Until she hears the voice on the recording; then it’s a promise she breaks.
“Nathan,” and the voice -- a female voice -- is exasperated, devastated, disappointed, hurt -- all at once. “It’s me. Look...” the woman trails off, and something hangs in the silence, the rustle of static on the recording -- shifts and coils in Juliet’s stomach.
“Nathan, I know things between us haven’t been good lately, but we’ve been together for a long time.” She tries to think of all the ways that two people can be together -- business partners, friends -- but she doesn’t quite buy it, doesn’t quite believe, and the doubt runs cold in her blood as she fights the urge to turn it off, to delete the message and forget the unforgettable.
“And I know you. I know you, and I know how much you like being away on business.” She flinches at the tone, the intimacy and the resignation that bleed across the line; she can’t help it.
“Because you don’t like it. You hate being away on business, Nathan. So, you being gone for the better part of the past seven months?” Had it only been seven months? Had it been seven months already? “That was the first red flag. And I’m not stupid,” and there’s a sigh that follows, that echoes, filled with things that deepen the fracture gaping in her chest.

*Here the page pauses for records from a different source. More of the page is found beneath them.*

lemma I_integrand_le:
  fixes \<nu> k x y s \<xi> :: real
  assumes \<nu>: "\<nu> \<ge> 1/2" and s: "s \<in> {-1..1}" and \<xi>: "\<xi> \<in> {0<..<1}"
  shows "(1 - s\<^sup>2) powr (\<nu> - 1/2) / (sqrt pi * 2 powr \<nu> * Gamma (\<nu> + 1/2))
           * (\<xi> powr (-k) * beta_fun \<nu> \<xi> * exp (-(x\<^sup>2 + y\<^sup>2 + 2 * x * y * s) / (4 * \<xi>)))
         \<le> \<xi> powr (-k) * (2*\<xi>) powr (-1-\<nu>) * \<xi> powr (-1/2) * exp (-((x-y)\<^sup>2) / (4*\<xi>))
             / (pi * Gamma (\<nu> + 1/2))
           * ((1+s) powr ((\<nu>+1/2)-1) * exp (-((x*y/(2*\<xi>)) * (1+s))))"
proof -
  define N where "N = sqrt pi * 2 powr \<nu> * Gamma (\<nu> + 1/2)"
  have N: "N > 0" using \<nu> by (simp add: N_def Gamma_real_pos)
  have exp_split: "exp (-(x\<^sup>2 + y\<^sup>2 + 2 * x * y * s) / (4 * \<xi>))
      = exp (-((x-y)\<^sup>2) / (4*\<xi>)) * exp (-((x*y/(2*\<xi>)) * (1+s)))"
    using \<xi> by (simp add: power2_eq_square field_simps flip: exp_add)
  have "(1 - s\<^sup>2) powr (\<nu> - 1/2) / N * (\<xi> powr (-k) * beta_fun \<nu> \<xi> * exp (-(x\<^sup>2 + y\<^sup>2 + 2 * x * y * s) / (4 * \<xi>)))
      \<le> 2 powr (\<nu> - 1/2) * (1+s) powr (\<nu> - 1/2) / N
         * (\<xi> powr (-k) * (sqrt (2/pi) * ((2*\<xi>) powr (-1-\<nu>) * \<xi> powr (-1/2)))
            * exp (-(x\<^sup>2 + y\<^sup>2 + 2 * x * y * s) / (4 * \<xi>)))"
    using \<nu> s \<xi> N beta_fun_nonneg[of \<xi> \<nu>]
    by (intro mult_mono mult_right_mono mult_left_mono divide_right_mono one_minus_square_powr_le
        beta_fun_le) auto
  also have "\<dots> = 2 powr (\<nu>-1/2) * sqrt (2/pi) / N
      * (\<xi> powr (-k) * (2*\<xi>) powr (-1-\<nu>) * \<xi> powr (-1/2) * exp (-((x-y)\<^sup>2) / (4*\<xi>)))
      * ((1+s) powr ((\<nu>+1/2)-1) * exp (-((x*y/(2*\<xi>)) * (1+s))))"
    unfolding exp_split by (simp add: mult_ac)
  also have "2 powr (\<nu>-1/2) * sqrt (2/pi) / N = 1 / (pi * Gamma (\<nu> + 1/2))"
    unfolding N_def using \<nu> by (intro Pi_beta_norm_eq Gamma_real_pos) simp
  finally show ?thesis by (simp add: N_def)
qed

lemma I_int_le_iterated:
  fixes \<nu> k x y :: real
  assumes \<nu>: "\<nu> \<ge> 1/2"
  shows "I_int \<nu> k x y
    \<le> (\<integral>\<^sup>+\<xi>. ennreal (indicator {0<..<1} \<xi> * (\<xi> powr (-k) * (2*\<xi>) powr (-1-\<nu>) * \<xi> powr (-1/2)
            * exp (-((x-y)\<^sup>2) / (4*\<xi>)) / (pi * Gamma (\<nu> + 1/2))))
        * (\<integral>\<^sup>+ s. ennreal (indicator {-1..1} s * (1+s) powr ((\<nu>+1/2)-1) * exp (-((x*y/(2*\<xi>)) * (1+s))))
            \<partial>lborel) \<partial>lborel)" (is "_ \<le> ?rhs")
proof -
  define F where "F s \<xi> = indicator {0<..<1} \<xi>
      * ennreal (\<xi> powr (-k) * beta_fun \<nu> \<xi> * exp (-(x\<^sup>2 + y\<^sup>2 + 2 * x * y * s) / (4 * \<xi>)))"
    for s \<xi> :: real
  define dens where "dens s = indicator {-1..1} s
      * ennreal ((1 - s\<^sup>2) powr (\<nu> - 1/2) / (sqrt pi * 2 powr \<nu> * Gamma (\<nu> + 1/2)))"
    for s :: real
  define G where "G s \<xi> = ennreal (indicator {0<..<1} \<xi> * (\<xi> powr (-k) * (2*\<xi>) powr (-1-\<nu>)
        * \<xi> powr (-1/2) * exp (-((x-y)\<^sup>2) / (4*\<xi>)) / (pi * Gamma (\<nu> + 1/2))))
      * ennreal (indicator {-1..1} s * (1+s) powr ((\<nu>+1/2)-1) * exp (-((x*y/(2*\<xi>)) * (1+s))))"
    for s \<xi> :: real
  have F_meas: "case_prod F \<in> borel_measurable (lborel \<Otimes>\<^sub>M lborel)"
    unfolding F_def beta_fun_def by measurable
  have G_meas: "(\<lambda>(\<xi>, s). G s \<xi>) \<in> borel_measurable (lborel \<Otimes>\<^sub>M lborel)"
    unfolding G_def by measurable
  have \<Gamma>: "Gamma (\<nu> + 1/2) > 0" using \<nu> by (simp add: Gamma_real_pos)
  have "I_int \<nu> k x y = (\<integral>\<^sup>+ s. (\<integral>\<^sup>+ \<xi>. F s \<xi> \<partial>lborel) \<partial>Pi_meas \<nu>)"
    by (simp add: I_int_def F_def)
  also have "\<dots> = (\<integral>\<^sup>+ s. dens s * (\<integral>\<^sup>+ \<xi>. F s \<xi> \<partial>lborel) \<partial>lborel)"
    unfolding Pi_meas_def dens_def by (rule nn_integral_density) (use F_meas in measurable)
  also have "\<dots> = (\<integral>\<^sup>+ s. (\<integral>\<^sup>+ \<xi>. dens s * F s \<xi> \<partial>lborel) \<partial>lborel)"
    by (intro nn_integral_cong nn_integral_cmult[symmetric]) (use F_meas in measurable)
  also have "\<dots> \<le> (\<integral>\<^sup>+ s. (\<integral>\<^sup>+ \<xi>. G s \<xi> \<partial>lborel) \<partial>lborel)"
  proof (intro nn_integral_mono)
    fix s \<xi> :: real
    show "dens s * F s \<xi> \<le> G s \<xi>"
    proof (cases "s \<in> {-1..1} \<and> \<xi> \<in> {0<..<1}")
      case True
      then show ?thesis
        using I_integrand_le[OF \<nu>, of s \<xi> k x y] \<Gamma>
        by (simp add: dens_def F_def G_def ennreal_mult'[symmetric] ennreal_leI)
    qed (auto simp: dens_def F_def G_def)
  qed
  also have "\<dots> = (\<integral>\<^sup>+ \<xi>. (\<integral>\<^sup>+ s. G s \<xi> \<partial>lborel) \<partial>lborel)"
    using lborel_pair.Fubini'[OF G_meas] by simp
  also have "\<dots> = ?rhs"
    unfolding G_def by (intro nn_integral_cong nn_integral_cmult) measurable
  finally show ?thesis .
qed

lemma kernel_powr_eq:
  fixes \<xi> P m \<nu> k :: real
  assumes "\<xi> > 0" "P > 0"
  shows "\<xi> powr (-k) * (2*\<xi>) powr (-1-\<nu>) * \<xi> powr (-1/2) * (P/(2*\<xi>)) powr (-m)
       = 2 powr (m-1-\<nu>) * P powr (-m) * \<xi> powr (-(k+\<nu>+1/2-m)-1)"
proof -
  have "(P/(2*\<xi>)) powr (-m) = P powr (-m) * (2 powr m * \<xi> powr m)"
    using assms by (simp add: powr_divide powr_mult powr_minus field_simps)
  moreover have "(2*\<xi>) powr (-1-\<nu>) = 2 powr (-1-\<nu>) * \<xi> powr (-1-\<nu>)"
    using assms by (simp add: powr_mult)
  moreover have "\<xi> powr (-(k+\<nu>+1/2-m)-1) = \<xi> powr (-k) * \<xi> powr (-1-\<nu>) * \<xi> powr (-1/2) * \<xi> powr m"
    using assms by (simp add: powr_add[symmetric] algebra_simps)
  moreover have "2 powr (m-1-\<nu>) = 2 powr (-1-\<nu>) * 2 powr m"
    by (simp add: powr_add[symmetric] algebra_simps)
  ultimately show ?thesis by (simp add: mult_ac)
qed

lemma I_int_le_of_kernel_bound:
  fixes \<nu> k x y m c :: real
  assumes \<nu>: "\<nu> \<ge> 1/2" and x: "x > 0" and y: "y > 0" and xy: "x \<noteq> y"
    and pos: "k + \<nu> + 1/2 - m > 0" and c: "c \<ge> 0"
    and kernel: "\<And>l. l > 0 \<Longrightarrow>
      (\<integral>\<^sup>+ s. ennreal (indicator {-1..1} s * (1+s) powr ((\<nu>+1/2)-1) * exp (-(l*(1+s)))) \<partial>lborel)
        \<le> ennreal (c * Gamma (\<nu> + 1/2) * l powr (-m))"
  shows "I_int \<nu> k x y \<le> ennreal (c / pi * 2 powr (m-1-\<nu>) * (x*y) powr (-m)
      * powr_exp_const (k+\<nu>+1/2-m) * ((x-y)\<^sup>2) powr (-(k+\<nu>+1/2-m)))"
proof -
  define q where "q = k + \<nu> + 1/2 - m"
  define A where "A = (x-y)\<^sup>2"
  define P where "P = x*y"
  define C where "C = c / pi * 2 powr (m-1-\<nu>) * P powr (-m)"
  have A: "A > 0" and P: "P > 0" using x y xy by (simp_all add: A_def P_def)
  have C: "C \<ge> 0" using c by (simp add: C_def)
  have \<Gamma>: "Gamma (\<nu> + 1/2) > 0" using \<nu> by (simp add: Gamma_real_pos)
  have pointwise: "ennreal (indicator {0<..<1} \<xi> * (\<xi> powr (-k) * (2*\<xi>) powr (-1-\<nu>) * \<xi> powr (-1/2)
          * exp (-A / (4*\<xi>)) / (pi * Gamma (\<nu> + 1/2))))
        * (\<integral>\<^sup>+ s. ennreal (indicator {-1..1} s * (1+s) powr ((\<nu>+1/2)-1) * exp (-((P/(2*\<xi>)) * (1+s))))
            \<partial>lborel)
      \<le> ennreal C * ennreal (indicator {0<..<1} \<xi> * \<xi> powr (-q-1) * exp (-A / (4*\<xi>)))" for \<xi> :: real
  proof (cases "\<xi> \<in> {0<..<1}")
    case True
    define E where "E = \<xi> powr (-k) * (2*\<xi>) powr (-1-\<nu>) * \<xi> powr (-1/2) * exp (-A / (4*\<xi>)) / (pi * Gamma (\<nu> + 1/2))"
    have E: "E \<ge> 0" using \<Gamma> by (simp add: E_def)
    have "E * (c * Gamma (\<nu> + 1/2) * (P/(2*\<xi>)) powr (-m))
        = c / pi * (\<xi> powr (-k) * (2*\<xi>) powr (-1-\<nu>) * \<xi> powr (-1/2) * (P/(2*\<xi>)) powr (-m))
          * exp (-A / (4*\<xi>))"
      using \<Gamma> by (simp add: E_def)
    also have "\<dots> = C * (\<xi> powr (-q-1) * exp (-A / (4*\<xi>)))"
    proof -
      have \<xi>: "\<xi> > 0" using True by simp
      show ?thesis unfolding kernel_powr_eq[OF \<xi> P] C_def q_def by (simp add: mult_ac)
    qed
    finally have E_eq: "E * (c * Gamma (\<nu> + 1/2) * (P/(2*\<xi>)) powr (-m))
        = C * (\<xi> powr (-q-1) * exp (-A / (4*\<xi>)))" .
    have "ennreal E * (\<integral>\<^sup>+ s. ennreal (indicator {-1..1} s * (1+s) powr ((\<nu>+1/2)-1)
          * exp (-((P/(2*\<xi>)) * (1+s)))) \<partial>lborel)
        \<le> ennreal E * ennreal (c * Gamma (\<nu> + 1/2) * (P/(2*\<xi>)) powr (-m))"
      using True P by (intro mult_left_mono kernel) auto
    also have "\<dots> = ennreal C * ennreal (\<xi> powr (-q-1) * exp (-A / (4*\<xi>)))"
      using E C by (simp add: ennreal_mult'[symmetric] E_eq)
    finally show ?thesis
      using True by (simp add: E_def)
  qed simp
  have "I_int \<nu> k x y \<le> (\<integral>\<^sup>+\<xi>. ennreal (indicator {0<..<1} \<xi> * (\<xi> powr (-k) * (2*\<xi>) powr (-1-\<nu>)
          * \<xi> powr (-1/2) * exp (-A / (4*\<xi>)) / (pi * Gamma (\<nu> + 1/2))))
        * (\<integral>\<^sup>+ s. ennreal (indicator {-1..1} s * (1+s) powr ((\<nu>+1/2)-1) * exp (-((P/(2*\<xi>)) * (1+s))))
            \<partial>lborel) \<partial>lborel)"
    unfolding A_def P_def by (rule I_int_le_iterated[OF \<nu>])
  also have "\<dots> \<le> (\<integral>\<^sup>+\<xi>. ennreal C * ennreal (indicator {0<..<1} \<xi> * \<xi> powr (-q-1) * exp (-A / (4*\<xi>))) \<partial>lborel)"
    by (intro nn_integral_mono pointwise)
  also have "\<dots> = ennreal C * (\<integral>\<^sup>+\<xi>. ennreal (indicator {0<..<1} \<xi> * \<xi> powr (-q-1) * exp (-A / (4*\<xi>))) \<partial>lborel)"
    by (intro nn_integral_cmult) measurable
  also have "\<dots> \<le> ennreal C * ennreal (powr_exp_const q * A powr (-q))"
    using pos A by (intro mult_left_mono nn_integral_powr_exp_inverse_le) (simp_all add: q_def)
  also have "\<dots> = ennreal (C * (powr_exp_const q * A powr (-q)))"
    using C by (simp add: ennreal_mult')
  finally show ?thesis by (simp add: C_def q_def A_def P_def mult.assoc)
qed

lemma powr_neg_le_of_le:
  fixes t u c e :: real
  assumes "0 < t" "c > 0" "t \<le> c * u" "e \<ge> 0"
  shows "u powr (-e) \<le> c powr e * t powr (-e)"
proof -
  have "u powr (-e) \<le> (t / c) powr (-e)"
    using assms by (intro powr_mono2') (auto simp: field_simps)
  also have "\<dots> = c powr e * t powr (-e)"
    using assms by (simp add: powr_divide powr_minus field_simps)
  finally show ?thesis .
qed

lemma I_int_le_comparable:
  fixes \<alpha> \<nu> k x y :: real
  assumes \<alpha>: "\<alpha> \<ge> -1/2" and \<nu>: "\<nu> \<ge> \<alpha> + 1" and k: "k > 0"
    and x: "x > 0" and y: "y > 0" and xy: "x \<noteq> y" and comparable: "(x+y)\<^sup>2 \<le> 16 * (x*y)"
  shows "I_int \<nu> k x y \<le> ennreal (2 powr (-1/2) / pi * powr_exp_const k * 16 powr (\<alpha>+1/2)
      * ((x+y)\<^sup>2) powr (-(\<alpha>+1/2)) * (x*y) powr (-(\<nu>-\<alpha>)) * ((x-y)\<^sup>2) powr (-k))"
proof -
  define e where "e = \<alpha> + 1/2"
  have e: "e \<ge> 0" using \<alpha> by (simp add: e_def)
  have "(x*y) powr (-(\<nu>+1/2)) = (x*y) powr (-e) * (x*y) powr (-(\<nu>-\<alpha>))"
  proof -
    have "-(\<nu>+1/2) = -e + -(\<nu>-\<alpha>)" by (simp add: e_def)
    then show ?thesis by (simp only: powr_add)
  qed
  also have "\<dots> \<le> 16 powr e * ((x+y)\<^sup>2) powr (-e) * (x*y) powr (-(\<nu>-\<alpha>))"
    using x y xy comparable e by (intro mult_right_mono powr_neg_le_of_le) auto
  finally have xy_le: "(x*y) powr (-(\<nu>+1/2)) \<le> 16 powr e * ((x+y)\<^sup>2) powr (-e) * (x*y) powr (-(\<nu>-\<alpha>))" .
  have "I_int \<nu> k x y \<le> ennreal (1 / pi * 2 powr ((\<nu>+1/2)-1-\<nu>) * (x*y) powr (-(\<nu>+1/2))
      * powr_exp_const (k+\<nu>+1/2-(\<nu>+1/2)) * ((x-y)\<^sup>2) powr (-(k+\<nu>+1/2-(\<nu>+1/2))))"
    using \<nu> \<alpha> x y xy k nn_integral_gamma_kernel_le[of "\<nu>+1/2"]
    by (intro I_int_le_of_kernel_bound) auto
  also have "\<dots> = ennreal (2 powr (-1/2) / pi * powr_exp_const k * ((x-y)\<^sup>2) powr (-k) * (x*y) powr (-(\<nu>+1/2)))"
    by (simp add: mult_ac)
  also have "\<dots> \<le> ennreal (2 powr (-1/2) / pi * powr_exp_const k * ((x-y)\<^sup>2) powr (-k)
      * (16 powr e * ((x+y)\<^sup>2) powr (-e) * (x*y) powr (-(\<nu>-\<alpha>))))"
    using xy_le k powr_exp_const_nonneg[OF k] by (intro ennreal_leI mult_left_mono) auto
  finally show ?thesis by (simp add: e_def mult_ac)
qed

“I’m not an idiot. I know what it means when I see my husband three times in the space of half a fucking year.” There are more words, more things said, but it’s that single word that takes the fracture and cracks it in two, leaves her reeling and falling and exposed, clutching at the ledge of the countertop just to stay standing.
There are questions that cycle through her mind. Of course there are questions.
Only it feels like she has the answers already, without asking them. She’s never felt so sure of what she doesn’t know.
The woman, on the machine; it’s strange, but she sounds like a Heidi.
She grabs for her keys and leaves just as she entered; she doesn’t lock the door.